守中小聲嘀咕道:“這是趕上什麽好事了?抗個麻袋還跑得那麽快。”
封慕塵還未開口,前方先傳來了嚷嚷聲。
“兄弟們!快來快來!”
“猜猜我撿了個啥!”
“我撿了個小美人嘿嘿!哥幾個!一起來快活快活!”
“我呸!潑賊!”
聽得這肆無忌憚放蕩的言論,守中怒罵一聲,邊召出腰刀,腳下生風,直朝那夥人奔去。
可等二人穿透迷霧,方才還近在耳旁的淫丨笑聲卻倏然全無,仿佛被霧一口吞盡。
“人呢?人呢?”守中忍不住喊出聲來,“怎麽突然不見了?”
地上腳印淩亂,那些人分明剛剛還在這裏,怎麽會一息之間就消失得無影無蹤的?
“我們可是聽見聲音馬上就過來的,沒理由讓他們跑了啊。”
守中又說了兩句,見身後沒回應,回頭一看,封陰使人呢?
封慕塵也已經發現了異樣,不過幾步路的距離,他和守中二人就走散了。只不過他可不像守中無頭蒼蠅似的亂沖,在北寒瘴地這種上古禁地找人,就跟抓瞎沒什麽區別。
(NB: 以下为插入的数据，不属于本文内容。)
(* Let $f:\mathcal{O}\to\mathcal{F}$ be a scaling map with scaling ratio $q^\lambda$, $\lambda\ge0$, and let $\tilde f:\mathcal{O}\to\mathcal{O}$, $\tilde f(x)=[f(x)]$. Then the normalized Haar measure $\mu$ on $\mathcal{O}$ is $\tilde f$-invariant, i.e. $\mu(\tilde f^{-1}(B))=\mu(B)$ for every Borel set $B\subset\mathcal{O}$.
   Context: $\mathcal{F}$ is a non-Archimedean local field with valuation ring $\mathcal{O}$, maximal ideal $\mathfrak{p}$, $q=\#\mathcal{O}/\mathfrak{p}$, normalized absolute value $|\cdot|_\mathfrak{p}$, prime element $\pi$. Fix representatives $C\subset\mathcal{O}$ of $\mathcal{O}/\mathfrak{p}$ with $0\in C$; writing $x=\sum_{n\ge v}c_n\pi^n$ ($c_n\in C$), $[x]=\sum_{n\ge0}c_n\pi^n$. A map $f:\Omega\to\mathcal{F}$ is scaling with ratio $q^\lambda$ if $|f(x)-f(y)|_\mathfrak{p}=q^\lambda|x-y|_\mathfrak{p}$ for all $x,y\in\Omega$. $\mu$ denotes Haar measure with $\mu(\mathcal{O})=1$. *)

theory Defs
  imports "HOL-Analysis.Analysis"
begin

text \<open>A non-Archimedean local field is modelled by a field type 'a together with a
normalized absolute value absv, a prime element, the residue field size q and a fixed
set C of representatives of O/p containing 0.\<close>

definition valring :: "('a::field \<Rightarrow> real) \<Rightarrow> 'a set" where
  "valring absv = {x. absv x \<le> 1}"

definition converges_to :: "('a::field \<Rightarrow> real) \<Rightarrow> (nat \<Rightarrow> 'a) \<Rightarrow> 'a \<Rightarrow> bool" where
  "converges_to absv s l \<longleftrightarrow> (\<forall>e>0. \<exists>N. \<forall>n\<ge>N. absv (s n - l) < e)"

definition nonarch_local_field ::
  "('a::field \<Rightarrow> real) \<Rightarrow> 'a \<Rightarrow> nat \<Rightarrow> 'a set \<Rightarrow> bool" where
  "nonarch_local_field absv \<pi> q C \<longleftrightarrow>
     (\<forall>x. absv x \<ge> 0) \<and> (\<forall>x. absv x = 0 \<longleftrightarrow> x = 0) \<and>
     (\<forall>x y. absv (x * y) = absv x * absv y) \<and>
     (\<forall>x y. absv (x + y) \<le> max (absv x) (absv y)) \<and>
     q \<ge> 2 \<and> absv \<pi> = 1 / real q \<and>
     (\<forall>x. x \<noteq> 0 \<longrightarrow> (\<exists>n::int. absv x = real q powr real_of_int n)) \<and>
     finite C \<and> card C = q \<and> 0 \<in> C \<and> C \<subseteq> valring absv \<and>
     (\<forall>x\<in>valring absv. \<exists>!c. c \<in> C \<and> absv (x - c) < 1) \<and>
     (\<forall>s::nat \<Rightarrow> 'a. (\<forall>e>0. \<exists>N. \<forall>m\<ge>N. \<forall>n\<ge>N. absv (s m - s n) < e)
         \<longrightarrow> (\<exists>l. converges_to absv s l))"

definition ipow :: "'a::field \<Rightarrow> int \<Rightarrow> 'a" where
  "ipow \<pi> n = (if n \<ge> 0 then \<pi> ^ nat n else inverse \<pi> ^ nat (- n))"

definition pi_expansion :: "('a::field \<Rightarrow> real) \<Rightarrow> 'a \<Rightarrow> 'a set \<Rightarrow> 'a \<Rightarrow> (int \<Rightarrow> 'a) \<Rightarrow> bool" where
  "pi_expansion absv \<pi> C x c \<longleftrightarrow>
     (\<forall>n. c n \<in> C) \<and> (\<exists>v. \<forall>n<v. c n = 0) \<and>
     converges_to absv (\<lambda>N. \<Sum>n\<in>{- int N..int N}. c n * ipow \<pi> n) x"

definition bracket :: "('a::field \<Rightarrow> real) \<Rightarrow> 'a \<Rightarrow> 'a set \<Rightarrow> 'a \<Rightarrow> 'a" where
  "bracket absv \<pi> C x = (THE y. \<exists>c. pi_expansion absv \<pi> C x c \<and>
       converges_to absv (\<lambda>N. \<Sum>n\<le>N. c (int n) * \<pi> ^ n) y)"

definition absv_open :: "('a::field \<Rightarrow> real) \<Rightarrow> 'a set \<Rightarrow> bool" where
  "absv_open absv U \<longleftrightarrow> (\<forall>x\<in>U. \<exists>r>0. {y. absv (y - x) < r} \<subseteq> U)"

definition borel_O :: "('a::field \<Rightarrow> real) \<Rightarrow> 'a set set" where
  "borel_O absv = sigma_sets (valring absv) {U \<inter> valring absv | U. absv_open absv U}"

definition normalized_haar :: "('a::field \<Rightarrow> real) \<Rightarrow> 'a measure \<Rightarrow> bool" where
  "normalized_haar absv M \<longleftrightarrow>
     space M = valring absv \<and> sets M = borel_O absv \<and> emeasure M (valring absv) = 1 \<and>
     (\<forall>a\<in>valring absv. \<forall>B\<in>sets M. emeasure M ((\<lambda>x. x + a) ` B) = emeasure M B)"

definition scaling_map :: "('a::field \<Rightarrow> real) \<Rightarrow> nat \<Rightarrow> real \<Rightarrow> 'a set \<Rightarrow> ('a \<Rightarrow> 'a) \<Rightarrow> bool" where
  "scaling_map absv q lam \<Omega> f \<longleftrightarrow>
     (\<forall>x\<in>\<Omega>. \<forall>y\<in>\<Omega>. absv (f x - f y) = real q powr lam * absv (x - y))"

end

theory Submission
  imports Defs
begin

text \<open>
  The map \<open>y \<mapsto> y - [y]\<close> picks out the polar part of the \<pi>-adic expansion, which does not
  change on closed unit balls. The scaling ratio \<open>q\<^sup>\<lambda>\<close> lies in the value group, so \<open>\<lambda> = m\<close>
  is a natural number, and on every disc of radius \<open>q\<^sup>-\<^sup>m\<close> the map \<open>f_tilde = [f]\<close> differs
  from \<open>f\<close> by a constant; there it scales distances by exactly \<open>q\<^sup>m\<close>. Hence it maps the
  \<open>q\<^sup>k\<close> subdiscs of radius \<open>q\<^sup>-\<^sup>k\<^sup>-\<^sup>m\<close> of such a disc injectively, and by counting
  bijectively, onto the \<open>q\<^sup>k\<close> discs of radius \<open>q\<^sup>-\<^sup>k\<close> in \<open>\<O>\<close>. So the preimage of a disc
  of radius \<open>q\<^sup>-\<^sup>k\<close> meets each of the \<open>q\<^sup>m\<close> discs of radius \<open>q\<^sup>-\<^sup>m\<close> in a single disc of
  radius \<open>q\<^sup>-\<^sup>k\<^sup>-\<^sup>m\<close>, and has measure \<open>q\<^sup>-\<^sup>k\<close>. As the discs form an intersection-stable
  generator of the Borel sets, this determines the image measure.
\<close>

section \<open>Non-Archimedean local fields\<close>

locale local_field =
  fixes absv :: "'a::field \<Rightarrow> real" and \<pi> :: 'a and q :: nat and C :: "'a set"
  assumes absv_nonneg [simp]: "absv x \<ge> 0"
    and absv_eq_0_iff [simp]: "absv x = 0 \<longleftrightarrow> x = 0"
    and absv_mult [simp]: "absv (x * y) = absv x * absv y"
    and absv_ultrametric: "absv (x + y) \<le> max (absv x) (absv y)"
    and q_ge_2: "q \<ge> 2"
    and absv_prime [simp]: "absv \<pi> = 1 / real q"
    and absv_value_group: "x \<noteq> 0 \<Longrightarrow> \<exists>n::int. absv x = real q powr n"
    and finite_digits: "finite C"
    and card_digits: "card C = q"
    and zero_digit: "0 \<in> C"
    and digits_integral: "C \<subseteq> valring absv"
    and digit_unique: "x \<in> valring absv \<Longrightarrow> \<exists>!c. c \<in> C \<and> absv (x - c) < 1"
    and cauchy_convergent:
      "\<forall>e>0. \<exists>N. \<forall>m\<ge>N. \<forall>n\<ge>N. absv (s m - s n) < e \<Longrightarrow> \<exists>l. converges_to absv s l"

lemma local_field_if_nonarch_local_field:
  "nonarch_local_field absv \<pi> q C \<Longrightarrow> local_field absv \<pi> q C"
  unfolding nonarch_local_field_def by unfold_locales auto

context local_field
begin

abbreviation \<O> :: "'a set" where "\<O> \<equiv> valring absv"

abbreviation radius :: "nat \<Rightarrow> real" where "radius k \<equiv> (1 / real q) ^ k"

lemma valring_iff: "x \<in> \<O> \<longleftrightarrow> absv x \<le> 1"
  by (simp add: valring_def)

lemma q_gt_1: "real q > 1"
  using q_ge_2 by simp

lemma radius_pos: "radius k > 0"
  using q_gt_1 by simp

lemma radius_le_1: "radius k \<le> 1"
  using q_gt_1 by (simp add: power_le_one)

lemma radius_antimono: "k \<le> l \<Longrightarrow> radius l \<le> radius k"
  using q_gt_1 by (simp add: power_decreasing)

lemma radius_Suc_less: "radius (Suc k) < radius k"
  using q_gt_1 radius_pos[of k] by (simp add: divide_less_eq)

lemma radius_times_power: "real q ^ l * radius (k + l) = radius k"
  using q_gt_1 by (simp add: power_add power_one_over field_simps)

lemma ex_radius_less: "e > 0 \<Longrightarrow> \<exists>N. radius N < e"
  using real_arch_pow_inv[of e "1 / real q"] q_gt_1 by auto

lemma prime_nonzero [simp]: "\<pi> \<noteq> 0"
  using q_gt_1 absv_eq_0_iff[of \<pi>] by auto

lemma absv_zero [simp]: "absv 0 = 0"
  by simp

lemma absv_one [simp]: "absv 1 = 1"
proof -
  have "absv 1 * absv 1 = absv 1"
    using absv_mult[of 1 1] by simp
  then show ?thesis
    by simp
qed

lemma absv_minus [simp]: "absv (- x) = absv x"
proof -
  have "absv (-1) * absv (-1) = 1"
    using absv_mult[of "-1" "-1"] by simp
  then have "absv (-1) ^ 2 = 1"
    by (simp add: power2_eq_square)
  then have "absv (-1) = 1"
    using absv_nonneg[of "-1"] by (simp add: power2_eq_1_iff)
  then show ?thesis
    using absv_mult[of "-1" x] by simp
qed

lemma absv_minus_commute: "absv (x - y) = absv (y - x)"
  by (metis absv_minus minus_diff_eq)

lemma absv_power [simp]: "absv (x ^ n) = absv x ^ n"
  by (induction n) auto

lemma absv_inverse [simp]: "absv (inverse x) = inverse (absv x)"
proof (cases "x = 0")
  case False
  then have "absv x * absv (inverse x) = 1"
    using absv_mult[of x "inverse x"] by simp
  then show ?thesis
    by (metis inverse_unique)
qed simp

lemma absv_divide [simp]: "absv (x / y) = absv x / absv y"
  by (simp add: divide_inverse)

lemma ultrametric_le: "absv x \<le> r \<Longrightarrow> absv y \<le> r \<Longrightarrow> absv (x + y) \<le> r"
  using absv_ultrametric[of x y] by simp

lemma ultrametric_diff_le: "absv x \<le> r \<Longrightarrow> absv y \<le> r \<Longrightarrow> absv (x - y) \<le> r"
  using ultrametric_le[of x r "- y"] by simp

lemma ultrametric_dist_le: "absv (x - y) \<le> r \<Longrightarrow> absv (y - z) \<le> r \<Longrightarrow> absv (x - z) \<le> r"
  using ultrametric_le[of "x - y" r "y - z"] by simp

lemma absv_add_eq_left: "absv y < absv x \<Longrightarrow> absv (x + y) = absv x"
  using absv_ultrametric[of x y] absv_ultrametric[of "x + y" "- y"]
  by (simp add: max_def split: if_splits)

lemma absv_sum_le: "(\<And>i. i \<in> S \<Longrightarrow> absv (g i) \<le> r) \<Longrightarrow> r \<ge> 0 \<Longrightarrow> absv (sum g S) \<le> r"
  by (induction S rule: infinite_finite_induct) (auto intro: ultrametric_le)

lemma absv_less_radius_imp_le_radius_Suc:
  assumes "absv x < radius k"
  shows "absv x \<le> radius (Suc k)"
proof (cases "x = 0")
  case False
  then obtain n :: int where n: "absv x = real q powr n"
    using absv_value_group by blast
  have radius_powr: "radius j = real q powr (- real j)" for j
    using q_gt_1 by (simp add: powr_minus powr_realpow divide_inverse power_inverse)
  have "real q powr n < real q powr (- real k)"
    using assms n radius_powr by simp
  then have "n \<le> - int (Suc k)"
    using q_gt_1 by simp
  then have "real q powr n \<le> real q powr (- real (Suc k))"
    using q_gt_1 by (simp add: flip: of_int_le_iff)
  then show ?thesis
    using n radius_powr[of "Suc k"] by linarith
qed simp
他早将自己的靈力留在了赤栾神木的樹腳下,此時張開神識探尋了一下,見沒有守中的蹤跡,便回撤到了赤栾神木下。
正想着換個方向走,就聽見——
“嗚嗚嗚……”
神木後方,傳來了若有若無的啜泣聲。
封慕塵神色一斂,收斂氣息,放輕腳步。掌中靈力悄然凝聚,只待對方現形。
他小心翼翼地繞到樹後,甫一轉過去,頓時愣住了。只見一個瘦小的背影蜷縮在樹下,衣衫褴褛,墨發散亂,是個尚未及笄的小娘子模樣。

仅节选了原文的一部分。